で、面白いのが。同じ番号でも、つける人が変わると、全然違う番号に見えるんですよね。あの人の、その番号。この子の、その番号。数字は同じなのに、まとっている空気が違う。
数字が、変わる時
あと、番号が変わる瞬間って、けっこう大きいんですよ。
学年が上がって、番号が変わる。チームが変わって、今までの番号が使えなくなる。あるいは、上の番号に上がる。
あれ、意外と、心が動くんですよね。「今まで、この番号でやってきたのにな」とか。逆に、「よし、新しい番号でやってやろう」とか。番号が変わることで、気持ちが切り替わることもある。
今の子は、最初から自由
そう考えると、今の子たちは、最初から自由に選べるんですよね。
僕なんて、大学まで待たないと、選ばせてもらえなかったのに(笑)。小学生や中学生のうちから、「何番がいい?」と聞いてもらえる。

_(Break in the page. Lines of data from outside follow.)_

theorem proposition2:
  fixes K :: nat
  assumes "K \<ge> 1"
  shows "\<exists>(A :: nat set) (M :: (nat \<Rightarrow> nat) measure set) \<mu>.
           finite A \<and> A \<noteq> {} \<and>
           finite M \<and> card M = K \<and>
           (\<forall>\<nu>\<in>M. prob_space \<nu> \<and> sets \<nu> = sets (seq_space A)) \<and>
           \<mu> \<in> M \<and>
           enn2ereal (\<integral>\<^sup>+ \<omega>. Cinf A M \<omega> \<partial>\<mu>) > ereal ((ln (real K))\<^sup>2 / 2 - 1)"
proof (intro exI conjI)
  let ?\<omega> = "spike (K - 1)"
  have \<omega>_space: "?\<omega> \<in> space (seq_space {0,1})" using assms by (intro spikes.\<omega>_space) auto
  show "finite {0::nat,1}" "{0::nat,1} \<noteq> {}" by auto
  show "finite (spikes.envs K)" by (rule spikes.finite_envs)
  show "card (spikes.envs K) = K" using spikes.card_envs[of K] by simp
  show "\<forall>\<nu>\<in>spikes.envs K. prob_space \<nu> \<and> sets \<nu> = sets (seq_space {0,1})"
    using spikes.envs_prob_space by blast
  show "spikes.env (K - 1) \<in> spikes.envs K" using assms by (intro spikes.env_in_envs) simp
  have "(\<integral>\<^sup>+ \<omega>. Cinf {0,1} (spikes.envs K) \<omega> \<partial>spikes.env (K - 1)) = Cinf {0,1} (spikes.envs K) ?\<omega>"
    unfolding spikes.env_def
    by (rule nn_integral_return_singleton[OF \<omega>_space singleton_in_seq_space[OF \<omega>_space]])
  then have "ennreal ((ln K)\<^sup>2 / 2) \<le> (\<integral>\<^sup>+ \<omega>. Cinf {0,1} (spikes.envs K) \<omega> \<partial>spikes.env (K - 1))"
    using Cinf_spike_ge[OF assms] by simp
  then have "ereal ((ln K)\<^sup>2 / 2) \<le> enn2ereal (\<integral>\<^sup>+ \<omega>. Cinf {0,1} (spikes.envs K) \<omega> \<partial>spikes.env (K - 1))"
    by (simp add: less_eq_ennreal.rep_eq)
  then show "enn2ereal (\<integral>\<^sup>+ \<omega>. Cinf {0,1} (spikes.envs K) \<omega> \<partial>spikes.env (K - 1)) > ereal ((ln (real K))\<^sup>2 / 2 - 1)"
    by (rule less_le_trans[rotated]) simp
qed

end
(* Let $M\in\mathbb{R}^{d\times d}$ be a symmetric positive semidefinite matrix of rank $k$, and let $\sigma_{\min}(M)$ denote its smallest nonzero singular value. Let $\hat M=M+E$ be a symmetric matrix with $\epsilon:=\|E\|\le\sigma_{\min}(M)/4$. Let the truncated (top-$k$) SVDs of $M$ and $\hat M$ be $UDU^\top$ and $\hat U\hat D\hat U^\top$ respectively, where $U,\hat U\in\mathbb{R}^{d\times k}$ have orthonormal columns and $D,\hat D\in\mathbb{R}^{k\times k}$ are diagonal. Then there exists an orthogonal matrix $R\in\mathbb{R}^{k\times k}$ such that, setting $W:=UD^{-1/2}R$, $\hat W:=\hat U\hat D^{-1/2}$, $B:=UD^{1/2}R$, $\hat B:=\hat U\hat D^{1/2}$, $$\|W-\hat W\|\le\frac{5\epsilon}{\sigma_{\min}(M)^{3/2}},\qquad \|B^\top(W-\hat W)\|\le\frac{3\epsilon}{\sigma_{\min}(M)},\qquad \|B-\hat B\|\le\frac{3\epsilon\sqrt{\|M\|}}{\sigma_{\min}(M)}.$$
   Context: $\|\cdot\|$ denotes the spectral (operator) norm of a matrix. *)

theory Defs
  imports "HOL-Analysis.Analysis"
begin

definition spec_norm :: "real^'n^'m \<Rightarrow> real" where
  "spec_norm A = onorm (\<lambda>x. A *v x)"

definition symmetric_mat :: "real^'n^'n \<Rightarrow> bool" where
  "symmetric_mat A \<longleftrightarrow> transpose A = A"
lemma proj_diff:
  assumes "finite (supp u)" "finite (supp w)"
  shows "proj x (\<lambda>y. u y - w y) = (\<lambda>i a. proj x u i a - proj x w i a)"
proof -
  have fw: "finite (supp (\<lambda>y. (-1) * w y))" using assms(2) by (simp add: supp_def)
  have "(\<lambda>y. u y - w y) = (\<lambda>y. u y + (-1) * w y)" by simp
  then show ?thesis using proj_add[OF assms(1) fw] proj_smult[OF assms(2), of x "-1"] by simp
qed

lemma proj_in_Mvec: "proj x u \<in> Mvec n d"
  unfolding Mvec_def proj_def proj_path_def
  by (auto intro: ccontr simp: if_distrib cong: if_cong)

lemma mact_eq_sum:
  assumes "finite G" "supp f \<subseteq> G"
  shows "act x f v = (\<lambda>j a. if j < n \<and> a < d j then
      (\<Sum>p\<in>G. if ptgt p = j then f p * (\<Sum>b<d (fst p). ev x p a b * v (fst p) b) else 0) else 0)"
proof (intro ext)
  fix j a
  have "{p. f p \<noteq> 0 \<and> ptgt p = j} = {p\<in>G. f p \<noteq> 0 \<and> ptgt p = j}" using assms(2) by (auto simp: supp_def)
  then have "(\<Sum>p\<in>{p. f p \<noteq> 0 \<and> ptgt p = j}. f p * (\<Sum>b<d (fst p). ev x p a b * v (fst p) b))
      = (\<Sum>p\<in>G. if f p \<noteq> 0 \<and> ptgt p = j then f p * (\<Sum>b<d (fst p). ev x p a b * v (fst p) b) else 0)"
    using sum.inter_filter[OF assms(1)] by simp
  also have "\<dots> = (\<Sum>p\<in>G. if ptgt p = j then f p * (\<Sum>b<d (fst p). ev x p a b * v (fst p) b) else 0)"
    by (intro sum.cong) auto
  finally show "act x f v j a = (if j < n \<and> a < d j then
      (\<Sum>p\<in>G. if ptgt p = j then f p * (\<Sum>b<d (fst p). ev x p a b * v (fst p) b) else 0) else 0)"
    unfolding mact_def by simp
qed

だから、あの、真剣に悩む顔になるんだなあ、と。うらやましいというか、いいなあ、と思います。まあ、選択肢が多い分、悩むんでしょうけどね。
背中しか、見えない
僕、思うんですけど。背番号って、自分では見えないんですよね。
つけている本人は、自分の背中の数字を、プレー中に見ることはできない。見えているのは、周りの人と、応援している人と、それから、対戦相手。
だから、あれ。「自分のため」の数字じゃなくて、「見てる人のため」の数字なのかもしれない。誰かが、あなたを見つけるための目印。
そう考えると、ちょっと、いいですよね。誰かが、あの番号を追いかけて見ている。声援を送る時も、「◯番、ナイス!」って、名前じゃなくて、番号で呼ばれることもある。
番号の思い出は、残る
もう、コートに立たなくなっても。「自分の番号」って、ずっと覚えているものじゃないですか。
「俺、あの頃、◯番だったな」って。その番号を聞くだけで、あの頃の練習とか、試合とか、仲間の顔とか、ぶわっと思い出す。
数字なんて、ただの記号のはずなのに。そこに、何年分もの時間が乗っかっている。僕の25番だって、選んだ時はなんとなくだったのに、今はもう、手放せない番号になっていますからね。
だから、僕は、子どもたちが番号を真剣に選んでいるのを見ると、「ああ、いいなあ」って思うんですよ。その番号が、この子のこれから何年かを背負っていくんだな、と。
はい、今日は、背番号の話でした。よかったら、皆さんの番号のことも、ちょっと思い出してみてください。